I am in general for this change, but I would suggest to: first try to do the regular os.Remove() as we did before, then log the error if it fails and finally send the cgroup.kill and remove. I think we want to have the error logged. The current solution will hide issues.

qodo-code-review · 2026-05-05T01:41:26Z

PR Reviewer Guide 🔍

Warning

/review is deprecated. Use /agentic_review instead (removed after 2026-05-31).

Here are some key observations to aid the review process:

⚡ Recommended focus areas for review

Test Flakiness

TestCgroupHandleRemoveKillsLeakedProcess only skips when not root, but it will fail on kernels/cgroup configurations without cgroup.kill support (or where it’s disabled), since Remove will warn and then the process may remain alive and/or rmdir may fail; the test should detect cgroup.kill availability (or cgroup v2 + kernel support) and skip accordingly to avoid environment-dependent CI failures.

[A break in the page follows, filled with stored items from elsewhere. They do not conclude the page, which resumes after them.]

lemma fibre_rep_sum_mset:
  fixes W :: "'j \<Rightarrow> bool list \<Rightarrow> 'a multiset"
  assumes "finite J"
    and "\<And>j. j \<in> J \<Longrightarrow> fibre_rep N e (W j)"
    and "\<And>xs. length xs = N \<Longrightarrow> size (\<Sum>j\<in>J. W j xs) \<le> K"
  shows "fibre_rep N (K * e) (\<lambda>xs. \<Sum>j\<in>J. W j xs)"
proof -
  (* The sum is determined by the set of pairs (j, W j xs) with W j xs nonempty, of which there
     are at most K. *)
  define I where "I = J \<times> ((\<Union>j\<in>J. W j ` {xs. length xs = N}) - {{#}})"
  define Y where "Y xs = {i \<in> I. W (fst i) xs = snd i}" for xs
  define J' where "J' xs = {j \<in> J. W j xs \<noteq> {#}}" for xs
  have Y_eq: "Y xs = (\<lambda>j. (j, W j xs)) ` J' xs" if "length xs = N" for xs
  proof
    show "Y xs \<subseteq> (\<lambda>j. (j, W j xs)) ` J' xs"
      unfolding Y_def I_def J'_def by auto
    show "(\<lambda>j. (j, W j xs)) ` J' xs \<subseteq> Y xs"
      using that unfolding Y_def I_def J'_def by auto
  qed
  have "fibre_rep N (K * e) Y"
    unfolding Y_def
  proof (rule fibre_rep_true_events)
    show "finite I"
      using assms(1) by (simp add: I_def finite_list_length)
    show "cube_rep N e (\<lambda>xs. of_bool (W (fst i) xs = snd i))" if "i \<in> I" for i
      using assms(2) that unfolding I_def fibre_rep_def by auto
    fix xs :: "bool list"
    assume xs: "length xs = N"
    have "card (Y xs) \<le> card (J' xs)"
      using Y_eq[OF xs] by (simp add: card_image_le assms(1) J'_def)
    also have "\<dots> \<le> K"
      using card_nonempty_le_size_sum_mset[OF assms(1), of "\<lambda>j. W j xs"] assms(3)[OF xs]
      unfolding J'_def by linarith
    finally show "card {i \<in> I. W (fst i) xs = snd i} \<le> K"
      unfolding Y_def .
  qed
  then have "fibre_rep N (K * e) (\<lambda>xs. \<Sum>i\<in>Y xs. snd i)"
    by (rule fibre_rep_map)
  then show ?thesis
  proof (rule fibre_rep_cong)
    fix xs :: "bool list"
    assume "length xs = N"
    then have "(\<Sum>i\<in>Y xs. snd i) = (\<Sum>j\<in>J' xs. W j xs)"
      by (simp add: Y_eq sum.reindex inj_on_def)
    also have "\<dots> = (\<Sum>j\<in>J. W j xs)"
      using assms(1) by (intro sum.mono_neutral_left) (auto simp: J'_def)
    finally show "(\<Sum>i\<in>Y xs. snd i) = (\<Sum>j\<in>J. W j xs)" .
  qed
qed

lemma qcost_ge_1: "1 \<le> qcost M"
  unfolding qcost_def by (simp add: Suc_le_eq nonempty_has_size)

lemma fibre_rep_exec:
  assumes "\<And>k. fibre_rep N d (\<lambda>xs. D xs k)"
  shows "fibre_rep N (b * d) (\<lambda>xs. exec n m (D xs) b h)"
proof (induction n arbitrary: b h)
  case 0
  show ?case by (simp add: fibre_rep_const)
next
  case (Suc n)
  show ?case
  proof (cases "fst m h")
    case None
    then show ?thesis by (simp add: fibre_rep_const)
  next
    case (Some k)
    show ?thesis
    proof (cases b)
      case 0
      have "exec (Suc n) m (D xs) b h = None" for xs
        using Some 0 qcost_ge_1[of "D xs k"] by simp
      then show ?thesis using fibre_rep_const[of N "b * d" None] by simp
    next
      case (Suc b')
      define \<Phi> where "\<Phi> v xs =
        (if qcost v > b then None else exec n m (D xs) (b - qcost v) (h @ [(k, v)]))" for v xs
      have "fibre_rep N (b' * d) (\<Phi> v)" for v
      proof (cases "qcost v > b")
        case False
        have "(b - qcost v) * d \<le> b' * d"
          using qcost_ge_1[of v] Suc by (intro mult_le_mono1) simp
        with Suc.IH have "fibre_rep N (b' * d) (\<lambda>xs. exec n m (D xs) (b - qcost v) (h @ [(k, v)]))"
          by (rule fibre_rep_mono)
        then show ?thesis
          unfolding \<Phi>_def using False by simp
      qed (simp add: \<Phi>_def[abs_def] fibre_rep_const)
      then have "fibre_rep N (d + b' * d) (\<lambda>xs. \<Phi> (D xs k) xs)"
        using assms by (rule fibre_rep_bind[rotated])
      moreover have "\<Phi> (D xs k) xs = exec (Suc n) m (D xs) b h" for xs
        using Some unfolding \<Phi>_def by simp
      ultimately show ?thesis using Suc by simp
    qed
  qed
qed

lemma fibre_rep_writes:
  assumes "\<And>k. fibre_rep N d (\<lambda>xs. D xs k)"
  shows "fibre_rep N (S * d) (\<lambda>xs. writes S m (D xs))"
  unfolding writes_def using fibre_rep_exec[OF assms] by (rule fibre_rep_map)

func TestCgroupHandleRemoveKillsLeakedProcess(t *testing.T) {
	t.Parallel()

	if os.Geteuid() != 0 {
		t.Skip("test requires root privileges")
	}

	ctx := context.Background()
	mgr, err := NewManager()
	require.NoError(t, err)

	err = mgr.Initialize(ctx)
	require.NoError(t, err)

	handle, err := mgr.Create(ctx, "test-remove-kills-leaked")
	require.NoError(t, err)

	// Simulate the production failure mode: a wrapper process exec-chain that
	// leaves a long-lived child in the cgroup after the parent exits. Here we
	// just spawn a sleep directly and walk away from it.
	cmd := exec.CommandContext(ctx, "sleep", "300")
	cmd.SysProcAttr = &syscall.SysProcAttr{
		UseCgroupFD: true,
		CgroupFD:    handle.GetFD(),
	}
	require.NoError(t, cmd.Start())
	defer func() { _ = cmd.Process.Kill() }()

	require.NoError(t, handle.ReleaseCgroupFD())

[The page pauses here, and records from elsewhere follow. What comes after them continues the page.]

(* Let $(\mathbf{T},V)$ be a branching random walk with reproduction law $\mathcal{L}$ satisfying (A1) and (A3). There exist $a>0$ and $\rho>1$ such that almost surely, for all $n\ge1$ large enough, \[\#\{|u|=n:\ \forall j\le n,\ V(u_j)\ge-na\}\ge\rho^n.\]
   Context: $\mathcal{L}$ is the law of a point process $L$ on $\mathbb{R}$. The branching random walk $(\mathbf{T},V)$ starts with one individual at $0$; each individual dies giving birth to children positioned according to an independent copy of $L$ shifted by its position. $|u|$ is the generation of $u$, $V(u)$ its position, $u_j$ its ancestor at generation $j$. (A1) $\mathbb{P}(\#L=0)=0$ and $\mathbb{E}[\#L]>1$. (A3) $\mathbb{E}[\sum_{\ell\in L}e^\ell(\log\sum_{\ell'\in L}e^{\ell'-\ell})^2]<\infty$. *)

theory Defs
  imports "HOL-Probability.Probability"
begin

text \<open>A realization of the point process L: its number of points (possibly infinite)
and an enumeration of its points (only indices i with i < count matter).\<close>
type_synonym pp = "enat \<times> (nat \<Rightarrow> real)"

definition pp_space :: "pp measure" where
  "pp_space = count_space UNIV \<Otimes>\<^sub>M (\<Pi>\<^sub>M i\<in>UNIV. (borel :: real measure))"

definition A3_integrand :: "pp \<Rightarrow> ennreal" where
  "A3_integrand z =
     (\<Sum>i. if enat i < fst z then
        (let W = (\<Sum>j. if enat j < fst z then ennreal (exp (snd z j - snd z i)) else 0)
         in ennreal (exp (snd z i)) *
            (if W = \<infinity> then \<infinity> else ennreal ((ln (enn2real W))\<^sup>2)))
      else 0)"

text \<open>Ulam-Harris tree: u is an individual iff each step picks an existing child.\<close>
definition in_tree :: "(nat list \<Rightarrow> enat) \<Rightarrow> nat list \<Rightarrow> bool" where
  "in_tree N u \<longleftrightarrow> (\<forall>k<length u. enat (u ! k) < N (take k u))"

	require.NoError(t, handle.Remove(ctx))

	_, statErr := os.Stat(handle.Path())
	assert.True(t, os.IsNotExist(statErr), "cgroup directory should be removed")

	// Reap and confirm cgroup.kill terminated the process. cmd.Wait() also
	// avoids a zombie that would otherwise pass a kill -0 liveness check.
	waitDone := make(chan error, 1)
	go func() { waitDone <- cmd.Wait() }()
	select {
	case waitErr := <-waitDone:
		require.Error(t, waitErr, "leaked process should have been killed by cgroup.kill")
	case <-time.After(3 * time.Second):
		t.Fatal("leaked process did not exit after cgroup.kill")
	}

ValentaTomas · 2026-05-05T01:44:52Z

@arkamar addressed in 9e7065a — cgroup.Remove now tries plain rmdir first; on EBUSY it logs cgroup rmdir failed, falling back to cgroup.kill (with the original errno) before writing cgroup.kill and retrying. Common no-leak path stays silent.

@qodo-merge-pro test now skips on kernels without cgroup.kill (probes for the file in the freshly created cgroup) instead of failing.

ValentaTomas

@arkamar — addressed in 9e7065a. cgroup.Remove now tries plain rmdir first; on EBUSY it logs a warn before falling back to cgroup.kill + retry. Leaks stay visible in metrics. Sorry for the previous garbled reply on this thread.

claude

⚠️ Code review skipped — your organization's overage spend limit has been reached.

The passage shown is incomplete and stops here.